(* The dual space $\mathcal R^*$ of Read's space $\mathcal R=(c_0,|||\cdot|||)$ is smooth, i.e. its (dual) norm is Gâteaux differentiable at every nonzero element.
   Context: Let $c_{00}(\mathbb Q)$ be the set of finitely supported sequences with rational coefficients, and let $(u_n)_{n\in\mathbb N}$ be a sequence in $c_{00}(\mathbb Q)$ which lists every element of $c_{00}(\mathbb Q)$ infinitely many times. Let $(a_n)_{n\in\mathbb N}$ be a strictly increasing sequence of positive integers with $a_n>\max\operatorname{supp} u_n$ and $a_n>\|u_n\|_1$ for every $n$. $(e_n)$ denotes the canonical unit vectors and $\langle x,y\rangle=\sum_n x_ny_n$. Read's norm on $c_0$ is $|||x||| = \|x\|_\infty + \sum_{n} 2^{-a_n^2}|\langle x, u_n - e_{a_n}\rangle|$, and Read's space is $\mathcal R=(c_0,|||\cdot|||)$ (real scalars). *)

theory Defs
  imports Complex_Main
begin

definition c0 :: "(nat \<Rightarrow> real) set" where
  "c0 = {x. x \<longlonglongrightarrow> 0}"

definition c00Q :: "(nat \<Rightarrow> real) set" where
  "c00Q = {v. finite {k. v k \<noteq> 0} \<and> (\<forall>k. v k \<in> \<rat>)}"

definition supnorm :: "(nat \<Rightarrow> real) \<Rightarrow> real" where
  "supnorm x = (SUP k. \<bar>x k\<bar>)"

definition l1norm :: "(nat \<Rightarrow> real) \<Rightarrow> real" where
  "l1norm v = (\<Sum>k\<in>{k. v k \<noteq> 0}. \<bar>v k\<bar>)"

definition pair :: "(nat \<Rightarrow> real) \<Rightarrow> (nat \<Rightarrow> real) \<Rightarrow> real" where
  "pair x y = (\<Sum>k\<in>{k. y k \<noteq> 0}. x k * y k)"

--- --- ---

Which lines run from the one containing "theory Defs" to the end of the records? Transcribe exactly those, both ends included.

**Task answer**
theory Defs
  imports Complex_Main
begin

definition c0 :: "(nat \<Rightarrow> real) set" where
  "c0 = {x. x \<longlonglongrightarrow> 0}"

definition c00Q :: "(nat \<Rightarrow> real) set" where
  "c00Q = {v. finite {k. v k \<noteq> 0} \<and> (\<forall>k. v k \<in> \<rat>)}"

definition supnorm :: "(nat \<Rightarrow> real) \<Rightarrow> real" where
  "supnorm x = (SUP k. \<bar>x k\<bar>)"

definition l1norm :: "(nat \<Rightarrow> real) \<Rightarrow> real" where
  "l1norm v = (\<Sum>k\<in>{k. v k \<noteq> 0}. \<bar>v k\<bar>)"

definition pair :: "(nat \<Rightarrow> real) \<Rightarrow> (nat \<Rightarrow> real) \<Rightarrow> real" where
  "pair x y = (\<Sum>k\<in>{k. y k \<noteq> 0}. x k * y k)"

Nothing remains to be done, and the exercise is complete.